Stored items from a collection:

***

(* Let $A_1,\dots,A_k$ be $2\times2$ real matrices with all entries strictly positive and norm $<1$, $d_i\in\mathbb R^2$, $T_i(x)=A_ix+d_i$, with $T_i(D)\subset D$ for all $i$ ($D$ the closed unit disc). There exists a constant $C$ such that for all $\theta,\theta'\in\mathcal Q_2$, all $n\in\mathbb N$ and all $\underline a\in\Sigma=\{1,\dots,k\}^{\mathbb N}$, \[ |a_1\cdots a_n|_\theta-|a_1\cdots a_n|_{\theta'}\le C\,|\theta-\theta'|. \]
   Context: $\mathbb{PR}^1$ is the space of lines through the origin, parametrised by the angle $\theta$ with the horizontal axis, and $|\theta-\theta'|$ is the angular distance. $\mathcal Q_2\subset\mathbb{PR}^1$ is the closed set of lines contained in the union of the closed second and fourth quadrants. For $\theta\in\mathbb{PR}^1$, $\pi_\theta$ is orthogonal projection onto the line through the origin perpendicular to $\theta$. For a word $w=a_1\cdots a_n$, $D_w=T_{a_1}\circ\cdots\circ T_{a_n}(D)$ and $|w|_\theta=-\log_2(|\pi_\theta(D_w)|/2)$, where $|\cdot|$ is the length of an interval. *)

theory Defs
  imports "HOL-Analysis.Analysis"
begin

text \<open>Lines through the origin are parametrised by a real angle theta; the line is
spanned by (cos theta, sin theta). Angles differing by a multiple of pi give the same line.\<close>

definition dirvec :: "real \<Rightarrow> real^2" where
  "dirvec \<theta> = vector [cos \<theta>, sin \<theta>]"

definition normvec :: "real \<Rightarrow> real^2" where
  "normvec \<theta> = vector [- sin \<theta>, cos \<theta>]"

definition angdist :: "real \<Rightarrow> real \<Rightarrow> real" where
  "angdist \<theta> \<theta>' = (INF k::int. \<bar>\<theta> - \<theta>' - of_int k * pi\<bar>)"

text \<open>Q_2: lines contained in the union of the closed second and fourth quadrants.\<close>
definition Q2 :: "real set" where
  "Q2 = {\<theta>. \<forall>t::real. (t * cos \<theta> \<le> 0 \<and> t * sin \<theta> \<ge> 0) \<or> (t * cos \<theta> \<ge> 0 \<and> t * sin \<theta> \<le> 0)}"

definition proj_perp :: "real \<Rightarrow> real^2 \<Rightarrow> real^2" where
  "proj_perp \<theta> x = (x \<bullet> normvec \<theta>) *\<^sub>R normvec \<theta>"

definition Disc :: "(real^2) set" where
  "Disc = cball 0 1"

definition affT :: "(nat \<Rightarrow> real^2^2) \<Rightarrow> (nat \<Rightarrow> real^2) \<Rightarrow> nat \<Rightarrow> real^2 \<Rightarrow> real^2" where
  "affT A d i x = A i *v x + d i"

definition Dword :: "(nat \<Rightarrow> real^2^2) \<Rightarrow> (nat \<Rightarrow> real^2) \<Rightarrow> nat list \<Rightarrow> (real^2) set" where
  "Dword A d w = foldr (\<lambda>i f. affT A d i \<circ> f) w id ` Disc"

text \<open>|w|_theta = - log_2 (|pi_theta(D_w)| / 2); the length of the interval is its diameter.\<close>
definition wlen :: "(nat \<Rightarrow> real^2^2) \<Rightarrow> (nat \<Rightarrow> real^2) \<Rightarrow> nat list \<Rightarrow> real \<Rightarrow> real" where
  "wlen A d w \<theta> = - log 2 (diameter (proj_perp \<theta> ` Dword A d w) / 2)"

end

theory Submission
  imports Defs
begin

text \<open>Writing \<open>M\<^sub>w\<close> for the product of the linear parts along \<open>w\<close> and \<open>n\<^sub>\<theta>\<close> for the unit normal
of \<open>\<theta>\<close>, the projection of \<open>D\<^sub>w\<close> is an interval of length \<open>2 \<parallel>n\<^sub>\<theta> M\<^sub>w\<parallel>\<close>, so
\<open>|w|\<^sub>\<theta> = - log\<^sub>2 \<parallel>n\<^sub>\<theta> M\<^sub>w\<parallel>\<close>. Since every \<open>A\<^sub>i\<close> has positive entries, the rows of
\<open>M\<^sub>w\<close> have comparable norms with a constant \<open>K\<close> independent of \<open>w\<close>; for a nonnegative unit
vector \<open>y\<close> the rows add up without cancellation, so \<open>\<parallel>y M\<^sub>w\<parallel>\<close> dominates every row up
to the factor \<open>K\<close>. Hence \<open>y \<mapsto> log \<parallel>y M\<^sub>w\<parallel>\<close> is Lipschitz on the nonnegative quarter of the
unit circle, uniformly in \<open>w\<close>. For \<open>\<theta> \<in> Q\<^sub>2\<close> the normal \<open>n\<^sub>\<theta>\<close> is, up to sign, such a
vector, namely its componentwise absolute value, which depends 1-Lipschitzly on \<open>\<theta>\<close> modulo \<open>\<pi>\<close>.\<close>

fun word_matrix :: "(nat \<Rightarrow> real^'n^'n) \<Rightarrow> nat list \<Rightarrow> real^'n^'n" where
  "word_matrix A [] = mat 1"
| "word_matrix A (i # w) = A i ** word_matrix A w"

lemma foldr_affT_eq_affine:
  "\<exists>c. foldr (\<lambda>i f. affT A d i \<circ> f) w id = (\<lambda>x. word_matrix A w *v x + c)"
proof (induction w)
  case Nil
  show ?case by (intro exI[of _ 0]) auto
next
  case (Cons i w)
  then obtain c where "foldr (\<lambda>i f. affT A d i \<circ> f) w id = (\<lambda>x. word_matrix A w *v x + c)" ..
  then have "foldr (\<lambda>i f. affT A d i \<circ> f) (i # w) id = (\<lambda>x. A i *v (word_matrix A w *v x + c) + d i)"
    by (simp only: foldr.simps comp_apply) (simp add: affT_def comp_def)
  also have "\<dots> = (\<lambda>x. (A i ** word_matrix A w) *v x + (A i *v c + d i))"
    by (simp add: matrix_vector_mul_assoc matrix_vector_right_distrib add.assoc)
  finally show ?case
    unfolding word_matrix.simps by (rule exI)
qed

lemma word_matrix_nonneg:
  assumes "\<And>i r c. i \<in> set w \<Longrightarrow> 0 \<le> A i $ r $ c"
  shows "0 \<le> word_matrix A w $ r $ c"
  using assms
  by (induction w arbitrary: r c) (auto simp: mat_def matrix_matrix_mult_def intro!: sum_nonneg)

lemma word_matrix_diag_pos:
  assumes "\<And>i r c. i \<in> set w \<Longrightarrow> 0 < A i $ r $ c"
  shows "0 < word_matrix A w $ r $ r"
  using assms
proof (induction w arbitrary: r)
  case (Cons i w)
  have A: "0 < A i $ r $ c" for r c
    using Cons.prems by simp
  have W: "0 \<le> word_matrix A w $ r $ c" for r c
    using Cons.prems by (intro word_matrix_nonneg) (auto intro: less_imp_le)
  have "0 < A i $ r $ r * word_matrix A w $ r $ r"
    using A Cons by simp
  then show ?case
    using A W by (auto simp: matrix_matrix_mult_def less_imp_le intro!: sum_pos2[where i=r])
qed (simp add: mat_def)

lemma norm_le_norm_if_nonneg_le:
  fixes u v :: "real^'n"
  assumes "\<And>c. 0 \<le> u $ c" "\<And>c. u $ c \<le> v $ c"
  shows "norm u \<le> norm v"
  by (intro norm_le_componentwise_cart)
     (simp add: assms abs_of_nonneg order_trans[OF assms(2) abs_ge_self])

lemma matrix_mult_rows_comparable:
  fixes B :: "real^'n^'m" and P :: "real^'p^'n"
  assumes B: "\<And>r c. 0 \<le> B $ r $ c" and cmp: "\<And>r r' c. B $ r $ c \<le> K * B $ r' $ c"
    and P: "\<And>r c. 0 \<le> P $ r $ c" and K: "0 \<le> K"
  shows "norm ((B ** P) $ r) \<le> K * norm ((B ** P) $ r')"
proof -
  have "norm ((B ** P) $ r) \<le> norm (K *\<^sub>R (B ** P) $ r')"
  proof (rule norm_le_norm_if_nonneg_le)
    fix c
    show "0 \<le> (B ** P) $ r $ c"
      using B P by (simp add: matrix_matrix_mult_def sum_nonneg)
    show "(B ** P) $ r $ c \<le> (K *\<^sub>R (B ** P) $ r') $ c"
      using cmp P by (simp add: matrix_matrix_mult_def sum_distrib_left mult.assoc[symmetric]
          mult_right_mono sum_mono)
  qed
  then show ?thesis using K by simp
qed

lemma mat_1_row: "(mat 1 :: 'a::zero_neq_one^'n^'n) $ r = axis r 1"
  by (simp add: mat_def axis_def vec_eq_iff)

lemma word_matrix_rows_comparable:
  assumes pos: "\<And>i r c. i \<in> set w \<Longrightarrow> 0 < A i $ r $ c"
    and cmp: "\<And>i r r' c. i \<in> set w \<Longrightarrow> A i $ r $ c \<le> K * A i $ r' $ c"
    and K: "1 \<le> K"
  shows "norm (word_matrix A w $ r) \<le> K * norm (word_matrix A w $ r')"
proof (cases w)
  case Nil
  then show ?thesis using K by (simp add: mat_1_row norm_axis_1)
next
  case (Cons i w')
  have "norm ((A i ** word_matrix A w') $ r) \<le> K * norm ((A i ** word_matrix A w') $ r')"
    using pos cmp K Cons
    by (intro matrix_mult_rows_comparable word_matrix_nonneg) (auto intro: less_imp_le)
  then show ?thesis using Cons by simp
qed

lemma finite_positive_matrices_entry_ratio_bound:
  fixes A :: "'i \<Rightarrow> real^'n^'m"
  assumes "finite I" and pos: "\<And>i r c. i \<in> I \<Longrightarrow> 0 < A i $ r $ c"
  obtains K where "1 \<le> K" "\<And>i r r' c. i \<in> I \<Longrightarrow> A i $ r $ c \<le> K * A i $ r' $ c"
proof
  let ?ratios = "(\<lambda>(i, r, r', c). A i $ r $ c / A i $ r' $ c) ` (I \<times> UNIV \<times> UNIV \<times> UNIV)"
  let ?K = "Max (insert 1 ?ratios)"
  show "1 \<le> ?K" using \<open>finite I\<close> by simp
  fix i r r' c assume "i \<in> I"
  then have "A i $ r $ c / A i $ r' $ c \<le> ?K"
    using \<open>finite I\<close> by (intro Max_ge) (auto intro!: rev_image_eqI[of "(i, r, r', c)"])
  then show "A i $ r $ c \<le> ?K * A i $ r' $ c"
    using pos[OF \<open>i \<in> I\<close>] by (simp add: divide_le_eq)
qed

***

Goal of the exercise: Filter the data above, keeping only lines that include the string "simps".

Exercise output:
    by (simp only: foldr.simps comp_apply) (simp add: affT_def comp_def)
    unfolding word_matrix.simps by (rule exI)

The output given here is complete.